[Dataset entries]
=== Begin Enclosure ===
definition eval_coeffs :: "nat \<Rightarrow> real \<Rightarrow> real \<Rightarrow> coeffs \<Rightarrow> real" where
  "eval_coeffs K a b c = (\<Sum>i\<le>K. \<Sum>j\<le>K. c i j * a ^ i * b ^ j)"

definition ansatz_weight :: "nat \<Rightarrow> real \<Rightarrow> real \<Rightarrow> bool list \<Rightarrow> real" where
  "ansatz_weight K a b x = eval_coeffs K a b (word_coeffs K x)"

lemma word_op_append: "word_op K (u @ v) c = word_op K v (word_op K u c)"
  by (simp add: word_op_def)

lemma word_op_snoc: "word_op K (u @ [p]) c = site_op K p (word_op K u c)"
  by (simp add: word_op_def)

lemma word_coeffs_Nil: "word_coeffs K [] = one_coeffs"
  by (simp add: word_coeffs_def word_op_def)

lemma word_coeffs_snoc: "word_coeffs K (u @ [p]) = site_op K p (word_coeffs K u)"
  by (simp add: word_coeffs_def word_op_snoc)

lemma word_coeffs_append:
  "word_coeffs K (u @ v) = word_op K v (word_coeffs K u)"
  by (simp add: word_coeffs_def word_op_append)

lemma site_op_add:
  "site_op K p (\<lambda>i j. c i j + d i j) = (\<lambda>i j. site_op K p c i j + site_op K p d i j)"
  by (auto simp: site_op_def shift_b_def opE_def sum.distrib fun_eq_iff)

lemma word_op_add:
  "word_op K v (\<lambda>i j. c i j + d i j) = (\<lambda>i j. word_op K v c i j + word_op K v d i j)"
  by (induction v arbitrary: c d rule: rev_induct) (simp_all add: word_op_def site_op_add)

lemma word_coeffs_vanish:
  "length x < i \<Longrightarrow> word_coeffs K x i j = 0" "length x < j \<Longrightarrow> word_coeffs K x i j = 0"
proof (induction x arbitrary: i j rule: rev_induct)
  case Nil
  { case 1 then show ?case by (simp add: word_coeffs_Nil one_coeffs_def) }
  { case 2 then show ?case by (simp add: word_coeffs_Nil one_coeffs_def) }
next
  case (snoc p x)
  { case 1 then show ?case using snoc.IH
      by (auto simp: word_coeffs_snoc site_op_def shift_b_def opE_def intro!: sum.neutral) }
  { case 2 then show ?case using snoc.IH
      by (auto simp: word_coeffs_snoc site_op_def shift_b_def opE_def intro!: sum.neutral) }
qed

lemma sum_atMost_shift_right:
  fixes g :: "nat \<Rightarrow> 'a::comm_monoid_add"
  assumes "g K = 0"
  shows "(\<Sum>j\<le>K. if j = 0 then 0 else g (j - 1)) = (\<Sum>j\<le>K. g j)"
proof (cases K)
  case (Suc K')
  then have "(\<Sum>j\<le>K. if j = 0 then 0 else g (j - 1)) = (\<Sum>j\<le>K'. g j)"
    unfolding Suc sum.atMost_Suc_shift by simp
  also have "\<dots> = (\<Sum>j\<le>K. g j)"
    using assms Suc by simp
  finally show ?thesis .
qed (use assms in simp)

lemma sum_atLeastAtMost_shift_right:
  fixes f :: "nat \<Rightarrow> 'a::comm_monoid_add"
  assumes "\<And>t. K \<le> t \<Longrightarrow> f t = 0" and "j \<ge> 1"
  shows "(\<Sum>j'=j..K. f (j' - 1)) = f (j - 1) + (\<Sum>j'=j..K. f j')"
proof -
  obtain j0 where j: "j = Suc j0"
    using assms(2) by (cases j) auto
  show ?thesis
  proof (cases K)
    case 0
    then show ?thesis using assms j by simp
  next
    case (Suc K0)
    have "(\<Sum>j'=j..K. f (j' - 1)) = (\<Sum>t=j0..K0. f t)"
      using sum.atLeast_Suc_atMost_Suc_shift[of "\<lambda>t. f (t - 1)" j0 K0] j Suc by simp
    also have "\<dots> = (\<Sum>t=j0..K. f t)"
      using Suc assms(1)[of K] by (cases "j0 \<le> K") (auto simp: sum.nat_ivl_Suc')
    also have "\<dots> = f j0 + (\<Sum>t=j..K. f t)"
      using j assms(1)[of j0] by (cases "j0 \<le> K") (auto simp: sum.atLeast_Suc_atMost)
    finally show ?thesis using j by simp
  qed
qed

lemma opE_shift_b:
  assumes "\<And>i t. K \<le> t \<Longrightarrow> c i t = 0"
  shows "opE K (shift_b c) = (\<lambda>i j. shift_b c i j + opE K c i j)"
proof (intro ext)
  fix i j
  show "opE K (shift_b c) i j = shift_b c i j + opE K c i j"
  proof (cases "j \<ge> 1")
    case True
    have "(\<Sum>j'=j..K. shift_b c i j') = (\<Sum>j'=j..K. c i (j' - 1))"
      using True by (intro sum.cong) (auto simp: shift_b_def)
    also have "\<dots> = c i (j - 1) + (\<Sum>j'=j..K. c i j')"
      by (rule sum_atLeastAtMost_shift_right) (use assms True in auto)
    finally show ?thesis
      using True by (simp add: opE_def shift_b_def)
  next
    case False
    moreover have "(\<Sum>j'\<le>K. shift_b c (i - 1) j') = (\<Sum>j'\<le>K. c (i - 1) j')"
      unfolding shift_b_def by (rule sum_atMost_shift_right) (use assms in auto)
    ultimately show ?thesis
      by (simp add: opE_def shift_b_def)
  qed
qed

lemma opE_shift_a: "opE K (shift_a c) = shift_a (opE K c)"
proof (intro ext)
  fix i j
  show "opE K (shift_a c) i j = shift_a (opE K c) i j"
    by (cases "j \<ge> 1"; cases "i \<ge> 2") (auto simp: opE_def shift_a_def numeral_2_eq_2 le_Suc_eq)
qed

lemma word_op_shift_a: "word_op K v (shift_a c) = shift_a (word_op K v c)"
proof (induction v rule: rev_induct)
  case (snoc p v)
  have "site_op K p (shift_a d) = shift_a (site_op K p d)" for d
    by (auto simp: site_op_def shift_b_def shift_a_def opE_shift_a fun_eq_iff)
  then show ?case
    using snoc by (simp add: word_op_snoc)
qed (simp add: word_op_def)

lemma opE_one_coeffs: "opE K one_coeffs = shift_a one_coeffs"
  by (auto simp: opE_def shift_a_def one_coeffs_def fun_eq_iff intro!: sum.neutral)

lemma word_coeffs_Cons_False: "word_coeffs K (False # v) = shift_a (word_coeffs K v)"
proof -
  have "word_coeffs K (False # v) = word_op K v (opE K one_coeffs)"
    by (simp add: word_coeffs_def word_op_def site_op_def)
  then show ?thesis
    by (simp add: opE_one_coeffs word_op_shift_a word_coeffs_def)
qed

lemma eval_coeffs_add:
  "eval_coeffs K a b (\<lambda>i j. c i j + d i j) = eval_coeffs K a b c + eval_coeffs K a b d"
  by (simp add: eval_coeffs_def algebra_simps sum.distrib)

lemma eval_coeffs_one: "eval_coeffs K a b one_coeffs = 1"
proof -
  have "(\<Sum>j\<le>K. one_coeffs i j * a ^ i * b ^ j) = (if i = 0 then 1 else 0)" for i
    by (cases "i = 0") (simp_all add: one_coeffs_def if_distrib[of "\<lambda>x. x * _"] cong: if_cong)
  then show ?thesis
    by (simp add: eval_coeffs_def)
qed

lemma eval_coeffs_shift_b:
  assumes "\<And>i. c i K = 0"
  shows "eval_coeffs K a b (shift_b c) = b * eval_coeffs K a b c"
proof -
  have "eval_coeffs K a b (shift_b c)
      = (\<Sum>i\<le>K. \<Sum>j\<le>K. if j = 0 then 0 else c i (j - 1) * a ^ i * b ^ (j - 1) * b)"
    unfolding eval_coeffs_def shift_b_def by (intro sum.cong refl) (auto simp: power_eq_if)
  also have "\<dots> = (\<Sum>i\<le>K. \<Sum>j\<le>K. c i j * a ^ i * b ^ j * b)"
    by (intro sum.cong refl sum_atMost_shift_right) (use assms in auto)
  finally show ?thesis
    by (simp add: eval_coeffs_def sum_distrib_left algebra_simps)
qed

lemma eval_coeffs_shift_a:
  assumes "\<And>j. c K j = 0"
  shows "eval_coeffs K a b (shift_a c) = a * eval_coeffs K a b c"
proof -
  have "eval_coeffs K a b (shift_a c)
      = (\<Sum>i\<le>K. if i = 0 then 0 else (\<Sum>j\<le>K. c (i - 1) j * a ^ (i - 1) * b ^ j * a))"
    unfolding eval_coeffs_def shift_a_def
    by (intro sum.cong refl) (auto simp: power_eq_if sum_distrib_right algebra_simps)
  also have "\<dots> = (\<Sum>i\<le>K. \<Sum>j\<le>K. c i j * a ^ i * b ^ j * a)"
    by (intro sum_atMost_shift_right) (use assms in auto)
  finally show ?thesis
    by (simp add: eval_coeffs_def sum_distrib_left algebra_simps)
qed

lemma ansatz_weight_snoc_True:
  "length u < K \<Longrightarrow> ansatz_weight K a b (u @ [True]) = b * ansatz_weight K a b u"
  by (simp add: ansatz_weight_def word_coeffs_snoc site_op_def eval_coeffs_shift_b
      word_coeffs_vanish)

lemma ansatz_weight_Cons_False:
  "length v < K \<Longrightarrow> ansatz_weight K a b (False # v) = a * ansatz_weight K a b v"
  by (simp add: ansatz_weight_def word_coeffs_Cons_False eval_coeffs_shift_a word_coeffs_vanish)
=== End Enclosure ===
What is being asked: From the records above, give again exactly the lines running from the line with "by (simp add: word_coeffs_def word_op_snoc)" to the line with "1)) = (\<Sum>j\<le>K'.", inclusive.

Exercise result:
  by (simp add: word_coeffs_def word_op_snoc)

lemma word_coeffs_append:
  "word_coeffs K (u @ v) = word_op K v (word_coeffs K u)"
  by (simp add: word_coeffs_def word_op_append)

lemma site_op_add:
  "site_op K p (\<lambda>i j. c i j + d i j) = (\<lambda>i j. site_op K p c i j + site_op K p d i j)"
  by (auto simp: site_op_def shift_b_def opE_def sum.distrib fun_eq_iff)

lemma word_op_add:
  "word_op K v (\<lambda>i j. c i j + d i j) = (\<lambda>i j. word_op K v c i j + word_op K v d i j)"
  by (induction v arbitrary: c d rule: rev_induct) (simp_all add: word_op_def site_op_add)

lemma word_coeffs_vanish:
  "length x < i \<Longrightarrow> word_coeffs K x i j = 0" "length x < j \<Longrightarrow> word_coeffs K x i j = 0"
proof (induction x arbitrary: i j rule: rev_induct)
  case Nil
  { case 1 then show ?case by (simp add: word_coeffs_Nil one_coeffs_def) }
  { case 2 then show ?case by (simp add: word_coeffs_Nil one_coeffs_def) }
next
  case (snoc p x)
  { case 1 then show ?case using snoc.IH
      by (auto simp: word_coeffs_snoc site_op_def shift_b_def opE_def intro!: sum.neutral) }
  { case 2 then show ?case using snoc.IH
      by (auto simp: word_coeffs_snoc site_op_def shift_b_def opE_def intro!: sum.neutral) }
qed

lemma sum_atMost_shift_right:
  fixes g :: "nat \<Rightarrow> 'a::comm_monoid_add"
  assumes "g K = 0"
  shows "(\<Sum>j\<le>K. if j = 0 then 0 else g (j - 1)) = (\<Sum>j\<le>K. g j)"
proof (cases K)
  case (Suc K')
  then have "(\<Sum>j\<le>K. if j = 0 then 0 else g (j - 1)) = (\<Sum>j\<le>K'. g j)"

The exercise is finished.